The government attempted to rush the legislation through the lower house this week but the independents and the opposition argued the measure warranted more scrutiny, forcing the government to cancel debate on Wednesday.

The government tried to resume debate and bring it to the vote yesterday but Mr Oakeshott and Mr Windsor made the government refer the bill to a Senate committee which will report back on November 19.

This leaves just a week to secure its passage before Parliament rises for the year.

The superannuation bill was the catalyst for Mr Oakeshott and Mr Windsor pouring out their grievances to the government yesterday.

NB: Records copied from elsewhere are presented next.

(* Let $\Pi=(V_p,V_r,L,\ell_{\mathrm{init}},\ell_{\mathrm{out}},\mu_{\mathrm{init}},\mathcal D,\mathfrak T)$ be a score-at-end WPTS. Let $h:L\times\mathbb{R}^{|V_p|}\to\mathbb{R}$ be a bounded function (i.e. $\sup|h|<\infty$). If $h$ is a potential upper weight function (PUWF), then for every $\mathbf v_{\mathrm{init}}\in\operatorname{supp}\mu_{\mathrm{init}}$ we have $[\![\Pi]\!]_{\mathbf v_{\mathrm{init}}}(\mathbb{R}^{|V_p|})\le h(\ell_{\mathrm{init}},\mathbf v_{\mathrm{init}})$. If $h$ is a potential lower weight function (PLWF), then for every $\mathbf v_{\mathrm{init}}\in\operatorname{supp}\mu_{\mathrm{init}}$ we have $[\![\Pi]\!]_{\mathbf v_{\mathrm{init}}}(\mathbb{R}^{|V_p|})\ge h(\ell_{\mathrm{init}},\mathbf v_{\mathrm{init}})$.
   Context: A weighted probabilistic transition system (WPTS) is a tuple $\Pi=(V_p,V_r,L,\ell_{\mathrm{init}},\ell_{\mathrm{out}},\mu_{\mathrm{init}},\mathcal D,\mathfrak T)$ where: $V_p$ (program variables) and $V_r$ (sampling variables) are finite disjoint sets; a program valuation is $\mathbf v\in\mathbb{R}^{|V_p|}$ and a sampling valuation is $\mathbf r\in\mathbb{R}^{|V_r|}$; $L$ is a finite set of locations with $\ell_{\mathrm{init}},\ell_{\mathrm{out}}\in L$; $\mu_{\mathrm{init}}$ is a probability distribution on $\mathbb{R}^{|V_p|}$ with bounded support; $\mathcal D$ is a product probability distribution on $\mathbb{R}^{|V_r|}$ (each sampling variable independently distributed); $\mathfrak T$ is a finite set of transitions $\tau=\langle \ell,\phi,F_1,\dots,F_k\rangle$ with source location $\ell\neq\ell_{\mathrm{out}}$, guard $\phi$ (a measurable predicate on program valuations) and forks $F_j=\langle \ell'_j,p_j,\mathrm{upd}_j,\mathrm{wt}_j\rangle$, where $\ell'_j\in L$, $p_j\in(0,1]$ with $\sum_j p_j=1$, $\mathrm{upd}_j:\mathbb{R}^{|V_p|}\times\mathbb{R}^{|V_r|}\to\mathbb{R}^{|V_p|}$ measurable (update function) and $\mathrm{wt}_j:\mathbb{R}^{|V_p|}\times\mathbb{R}^{|V_r|}\to[0,\infty)$ measurable (score function). The WPTS is deterministic and total: for every location $\ell\ne\ell_{\mathrm{out}}$ and valuation $\mathbf v$ there is exactly one transition with source $\ell$ whose guard $\mathbf v$ satisfies. Semantics: from a state $(\ell,\mathbf v)$ the run starts with weighted state $(\ell,\mathbf v,1)$. From a weighted state $(\ell_n,\mathbf v_n,w_n)$: if $\ell_n=\ell_{\mathrm{out}}$ the next weighted state is the same; otherwise take the unique enabled transition $\langle\ell_n,\phi,F_1,\dots,F_k\rangle$, choose fork $j$ with probability $p_j$, sample $\mathbf r\sim\mathcal D$ independently, and move to $(\ell'_j,\mathrm{upd}_j(\mathbf v_n,\mathbf r),w_n\cdot\mathrm{wt}_j(\mathbf v_n,\mathbf r))$. $\mathbb P_{(\ell,\mathbf v)},\mathbb E_{(\ell,\mathbf v)}$ denote the induced probability and expectation on runs; for an initial valuation $\mathbf v$ we write $\mathbb P_{\mathbf v},\mathbb E_{\mathbf v}$ for the case $\ell=\ell_{\mathrm{init}}$. The termination time is $T=\min\{n:\ell_n=\ell_{\mathrm{out}}\}$ ($\min\emptyset=\infty$); $\hat{\mathbf v}_T,\hat w_T$ are the valuation and weight at termination. A state $(\ell,\mathbf v)$ is reachable if it occurs in some run starting from $(\ell_{\mathrm{init}},\mathbf v_0)$ with $\mathbf v_0\in\operatorname{supp}\mu_{\mathrm{init}}$. $\Pi$ is almost-surely terminating (AST) if $\mathbb P_{\mathbf v}(T<\infty)=1$ for all $\mathbf v\in\operatorname{supp}\mu_{\mathrm{init}}$. For measurable $U\subseteq\mathbb{R}^{|V_p|}$, the expected weight is $[\![\Pi]\!]_{\mathbf v}(U):=\mathbb E_{\mathbf v}[\mathbf 1_{T<\infty}\,[\hat{\mathbf v}_T\in U]\,\hat w_T]$. $\Pi$ is score-at-end if: (i) it is AST; (ii) exactly one transition has a fork with destination $\ell_{\mathrm{out}}$, and that transition has the form $\langle\ell,\phi,F\rangle$ with a single fork $F=\langle\ell_{\mathrm{out}},1,\mathrm{id},\mathrm{wt}\rangle$ where $\mathrm{id}(\mathbf v,\mathbf r)=\mathbf v$ and $0\le\mathrm{wt}\le M$ for some constant $M>0$; (iii) every other fork has score function constantly $1$. The expected-weight transformer maps $h:L\times\mathbb{R}^{|V_p|}\to\mathbb{R}$ to $\mathrm{ewt}(h)$ with $\mathrm{ewt}(h)(\ell_{\mathrm{out}},\mathbf v)=1$ and, for $\ell\ne\ell_{\mathrm{out}}$ with unique enabled transition $\langle\ell,\phi,F_1,\dots,F_k\rangle$, $F_j=\langle\ell'_j,p_j,\mathrm{upd}_j,\mathrm{wt}_j\rangle$: $\mathrm{ewt}(h)(\ell,\mathbf v)=\sum_{j=1}^k p_j\,\mathbb E_{\mathbf r\sim\mathcal D}[\mathrm{wt}_j(\mathbf v,\mathbf r)\,h(\ell'_j,\mathrm{upd}_j(\mathbf v,\mathbf r))]$. A PUWF is a function $h:L\times\mathbb{R}^{|V_p|}\to\mathbb{R}$ such that (C1) $\mathrm{ewt}(h)(\ell,\mathbf v)\le h(\ell,\mathbf v)$ for all reachable states $(\ell,\mathbf v)$ with $\ell\ne\ell_{\mathrm{out}}$, and (C2) $h(\ell_{\mathrm{out}},\mathbf v)=1$ for all reachable states $(\ell_{\mathrm{out}},\mathbf v)$. A PLWF satisfies (C2) and (C1') $\mathrm{ewt}(h)(\ell,\mathbf v)\ge h(\ell,\mathbf v)$ for all reachable states with $\ell\ne\ell_{\mathrm{out}}$. *)

theory Defs
  imports "HOL-Probability.Probability"
begin
lemma hyp_complement_product_moment:
  assumes "0 < i" "i < n" "0 < k" "k < n"
  shows "(\<Sum>j<k. (real i - real j) * (real k - real j) * hyp_pmf n i k j)
    = real i * real (n - i) * real k * real (n - k) / (real n * (real n - 1))"
proof -
  define m where "m = n - i"
  have "{..<k} = {..k - 1}"
    using assms(3) by (cases k) auto
  have "(\<Sum>j<k. (real i - real j) * (real k - real j) * hyp_pmf n i k j)
      = (\<Sum>j<k. real i * real m * real (((i - 1) choose j) * ((m - 1) choose (k - 1 - j)))
        / real (n choose k))"
    using hyp_pmf_times_complements[of i n] assms(1,2) by (intro sum.cong) (simp_all add: m_def)
  also have "\<dots> = real i * real m
      * (real (\<Sum>j\<le>k - 1. ((i - 1) choose j) * ((m - 1) choose (k - 1 - j))) / real (n choose k))"
    using \<open>{..<k} = {..k - 1}\<close>
    by (simp only: sum_divide_distrib sum_distrib_left of_nat_sum times_divide_eq_right)
  also have "(\<Sum>j\<le>k - 1. ((i - 1) choose j) * ((m - 1) choose (k - 1 - j))) = (n - 2) choose (k - 1)"
    using vandermonde[of "i - 1" "m - 1" "k - 1"] assms by (simp add: m_def)
  also have "real ((n - 2) choose (k - 1)) / real (n choose k)
      = real k * real (n - k) / (real n * (real n - 1))"
  proof -
    have "real (k * (n - k) * (n choose k)) = real (n * (n - 1) * ((n - 2) choose (k - 1)))"
      using times_binomial_minus2_eq[OF assms(3)] by (simp only:)
    then have "real k * real (n - k) * real (n choose k)
        = real n * (real n - 1) * real ((n - 2) choose (k - 1))"
      using assms(4) by (simp add: of_nat_diff)
    then show ?thesis
      using assms by (simp add: field_simps)
  qed
  finally show ?thesis
    by (simp add: m_def)
qed
lemma diagonal_commutator_adjugate_trace_eq_0:
  fixes M :: "real^'n^'n" and x :: "real^'n"
  shows "(\<Sum>i\<in>UNIV. \<Sum>k\<in>UNIV. (x $ i - x $ k) * M $ i $ k * adjugate M $ k $ i) = 0"
proof -
  have "(\<Sum>i\<in>UNIV. \<Sum>k\<in>UNIV. (x $ i - x $ k) * M $ i $ k * adjugate M $ k $ i)
      = (\<Sum>i\<in>UNIV. \<Sum>k\<in>UNIV. x $ i * (M $ i $ k * adjugate M $ k $ i))
        - (\<Sum>i\<in>UNIV. \<Sum>k\<in>UNIV. x $ k * (adjugate M $ k $ i * M $ i $ k))"
    unfolding sum_subtractf[symmetric] by (intro sum.cong refl) (simp add: algebra_simps)
  also have "\<dots> = (\<Sum>i\<in>UNIV. x $ i * (\<Sum>k\<in>UNIV. M $ i $ k * adjugate M $ k $ i))
        - (\<Sum>k\<in>UNIV. x $ k * (\<Sum>i\<in>UNIV. adjugate M $ k $ i * M $ i $ k))"
    unfolding sum_distrib_left by (subst (2) sum.swap) (rule refl)
  finally show ?thesis
    by (simp add: adjugate_row_expansion adjugate_column_expansion)
qed

lemma det_has_field_derivative:
  fixes A :: "real \<Rightarrow> real^'n^'n"
  assumes "\<And>r c. ((\<lambda>s. A s $ r $ c) has_field_derivative A' $ r $ c) (at t)"
  shows "((\<lambda>s. det (A s)) has_field_derivative trace (adjugate (A t) ** A')) (at t)"
proof -
  have "((\<lambda>s. det (A s)) has_field_derivative (\<Sum>\<sigma> | \<sigma> permutes UNIV. of_int (sign \<sigma>) *
      (\<Sum>c\<in>UNIV. A' $ c $ \<sigma> c * (\<Prod>r\<in>UNIV-{c}. A t $ r $ \<sigma> r)))) (at t)"
    unfolding det_def by (intro DERIV_sum DERIV_cmult has_field_derivative_prod assms)
  moreover have "(\<Sum>j\<in>UNIV. adjugate (A t) $ j $ c * A' $ c $ j) = (\<Sum>\<sigma> | \<sigma> permutes UNIV.
      of_int (sign \<sigma>) * (A' $ c $ \<sigma> c * (\<Prod>r\<in>UNIV-{c}. A t $ r $ \<sigma> r)))" for c
    unfolding adjugate_nth sum_distrib_right
    by (subst sum.swap) (simp add: if_distrib if_distribR mult_ac cong: if_cong)
  then have "trace (adjugate (A t) ** A') = (\<Sum>\<sigma> | \<sigma> permutes UNIV. of_int (sign \<sigma>) *
      (\<Sum>c\<in>UNIV. A' $ c $ \<sigma> c * (\<Prod>r\<in>UNIV-{c}. A t $ r $ \<sigma> r)))"
    unfolding trace_def matrix_matrix_mult_def vec_lambda_beta sum_distrib_left
    by (subst sum.swap) (simp add: sum.swap[of _ UNIV "{\<sigma>. \<sigma> permutes UNIV}"])
  ultimately show ?thesis by simp
qed

lemma differentiable_prod [derivative_intros]:
  fixes f :: "'i \<Rightarrow> 'a::real_normed_vector \<Rightarrow> 'b::real_normed_field"
  assumes "\<And>i. i \<in> I \<Longrightarrow> f i differentiable (at x within S)"
  shows "(\<lambda>x. \<Prod>i\<in>I. f i x) differentiable (at x within S)"
proof -
  from assms obtain f' where "\<And>i. i \<in> I \<Longrightarrow> (f i has_derivative f' i) (at x within S)"
    unfolding differentiable_def by metis
  then show ?thesis
    unfolding differentiable_def by (blast intro: has_derivative_prod)
qed

lemma adjugate_nth_differentiable:
  fixes A :: "'a::real_normed_vector \<Rightarrow> real^'n^'n"
  assumes "\<And>r c. (\<lambda>y. A y $ r $ c) differentiable (at x)"
  shows "(\<lambda>y. adjugate (A y) $ k $ i) differentiable (at x)"
proof -
  have "(\<lambda>y. if \<sigma> i = k then \<Prod>r\<in>UNIV-{i}. A y $ r $ \<sigma> r else 0) differentiable (at x)"
    for \<sigma> :: "'n \<Rightarrow> 'n"
    by (cases "\<sigma> i = k") (simp_all add: differentiable_prod assms)
  then show ?thesis
    unfolding adjugate_nth by simp
qed

lemmas differentiable_vec_nth [derivative_intros] =
  bounded_linear_imp_differentiable[OF bounded_linear_vec_nth]

lemma has_real_derivative_along_line:
  fixes f :: "'a::real_normed_vector \<Rightarrow> real"
  assumes "(f has_derivative D) (at x)"
  shows "((\<lambda>t. f (x + t *\<^sub>R v)) has_real_derivative D v) (at 0)"
proof -
  have "((\<lambda>t::real. x + t *\<^sub>R v) has_derivative (\<lambda>t. t *\<^sub>R v)) (at 0)"
    by (auto intro!: derivative_eq_intros)
  from has_derivative_compose[OF this] assms
  have "((\<lambda>t. f (x + t *\<^sub>R v)) has_derivative (\<lambda>t. D (t *\<^sub>R v))) (at 0)"
    by simp
  moreover have "(\<lambda>t. D (t *\<^sub>R v)) = (\<lambda>t. D v * t)"
    using linear_scale[OF has_derivative_linear[OF assms]] by (auto simp: mult.commute)
  ultimately show ?thesis
    unfolding has_field_derivative_def by simp
qed

lemma Lmat_commutator_entry:
  assumes "inj (\<lambda>i. x $ i)"
  shows "(x $ i - x $ k) * (mat lam - Lmat x p) $ i $ k = (if i = k then 0 else -1)"
  using injD[OF assms, of i k] by (simp add: Lmat_def mat_def)

lemma sum_adjugate_entries_eq_trace:
  fixes x p :: "real^'n"
  assumes "inj (\<lambda>i. x $ i)"
  shows "vec 1 \<bullet> (adjugate (mat lam - Lmat x p) *v vec 1) = trace (adjugate (mat lam - Lmat x p))"
proof -
  define a where "a = adjugate (mat lam - Lmat x p)"
  have "0 = (\<Sum>i\<in>UNIV. \<Sum>k\<in>UNIV. (x $ i - x $ k) * (mat lam - Lmat x p) $ i $ k * a $ k $ i)"
    unfolding a_def by (rule diagonal_commutator_adjugate_trace_eq_0[symmetric])
  also have "\<dots> = (\<Sum>i\<in>UNIV. \<Sum>k\<in>UNIV. (if i = k then a $ k $ i else 0) - a $ k $ i)"
    unfolding Lmat_commutator_entry[OF assms] by (intro sum.cong refl) simp
  also have "\<dots> = trace a - (\<Sum>i\<in>UNIV. \<Sum>k\<in>UNIV. a $ k $ i)"
    by (simp add: sum_subtractf trace_def)
  finally have "trace a = (\<Sum>i\<in>UNIV. \<Sum>k\<in>UNIV. a $ k $ i)"
    by simp
  also have "\<dots> = (\<Sum>k\<in>UNIV. \<Sum>i\<in>UNIV. a $ k $ i)"
    by (rule sum.swap)
  also have "\<dots> = vec 1 \<bullet> (a *v vec 1)"
    by (simp add: inner_vec_def matrix_vector_mult_def)
  finally show ?thesis
    unfolding a_def by simp
qed

lemma Delta'_eq_trace_adjugate: "Delta' x p lam = trace (adjugate (mat lam - Lmat x p))"
proof -
  have "((\<lambda>s. (mat s - Lmat x p) $ r $ c) has_field_derivative mat 1 $ r $ c) (at lam)" for r c
    by (auto simp: mat_def intro!: derivative_eq_intros)
  from det_has_field_derivative[OF this] show ?thesis
    unfolding Delta'_def Delta_def by (simp add: DERIV_imp_deriv)
qed

lemma Lmat_translate: "Lmat (x + t *\<^sub>R vec 1) p = Lmat x p"
  by (simp add: Lmat_def vec_eq_iff)

lemma Lmat_nth_differentiable:
  assumes "inj (\<lambda>i. x $ i)"
  shows "(\<lambda>y. (mat lam - Lmat y p) $ r $ c) differentiable (at x)"
proof (cases "r = c")
  case False
  with assms have "x $ r - x $ c \<noteq> 0"
    by (auto dest: injD)
  with False show ?thesis
    by (simp add: Lmat_def mat_def differentiable_vec_nth)
qed (simp add: Lmat_def mat_def)

lemma trace_Xmat_mult: "trace (Xmat y ** A) = (\<Sum>i\<in>UNIV. y $ i * A $ i $ i)"
  by (simp add: trace_def matrix_matrix_mult_def Xmat_def if_distrib if_distribR cong: if_cong)

lemma calG_translate:
  "calG lam (x + t *\<^sub>R vec 1, p) = calG lam (x, p) + t * trace (adjugate (mat lam - Lmat x p))"
  unfolding calG_def fst_conv snd_conv Lmat_translate trace_Xmat_mult
  by (simp add: trace_def algebra_simps sum.distrib sum_distrib_left)

lemma calE_translate:
  "calE lam (x + t *\<^sub>R vec 1, p)
    = calE lam (x, p) + t * (vec 1 \<bullet> (adjugate (mat lam - Lmat x p) *v vec 1))"
  unfolding calE_def fst_conv snd_conv Lmat_translate by (simp add: inner_add_left)

lemma trL_eq_sum: "trL z = (\<Sum>i\<in>UNIV. snd z $ i)"
  by (simp add: trL_def trace_def Lmat_def)

lemma bracket0_trL: "bracket0 trL g z = (\<Sum>i\<in>UNIV. pd_x i g z)"
proof -
  have "pd_x i trL z = 0" for i
    unfolding pd_x_def trL_eq_sum by simp
  moreover have "pd_p i trL z = 1" for i
  proof -
    have "(\<lambda>t. trL (fst z, snd z + t *\<^sub>R axis i 1)) = (\<lambda>t. trL z + t)"
      by (rule ext) (simp add: trL_eq_sum sum.distrib axis_def sum_distrib_left[symmetric])
    then show ?thesis
      unfolding pd_p_def by simp
  qed
  ultimately show ?thesis
    unfolding bracket0_def by simp
qed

''It was the first shot across the bow on a range of issues,'' said a source close to the two men.

Mr Windsor complained about last week's surprise announcement about extra water being sent down the Murray to placate the South Australian government and the expectation the independents would pass the necessary legislation without proper examination.

Then yesterday, the government unveiled the final Murray-Darling Basin plan which will be put to the Parliament in the final week of this month.

Mr Windsor warned the government not to try to use the plan as a political wedge, given the divisions that exist in the Coalition, or he would oppose it.

''The issue is bigger than politics. This is about a win-win for everybody, including the river,'' he said.

When the plan is presented to Parliament, it will be in the form of regulation and must be disallowed by either House to be defeated.

Mr Oakeshott listed a series of grievances at the meeting with Mr Swan and Ms Gillard including the recent decision to shelve plans to recognise indigenous people in the Constitution.

Mr Windsor, Mr Oakeshott, and the Tasmanian independent, Andrew Wilkie, all believe the quest to deliver a surplus this financial year is about politics rather than sound economics and will not just rubber stamp any measure.

''At this point in time … I am not inclined to support any measures which are aimed at achieving a political outcome,'' Mr Wilkie said.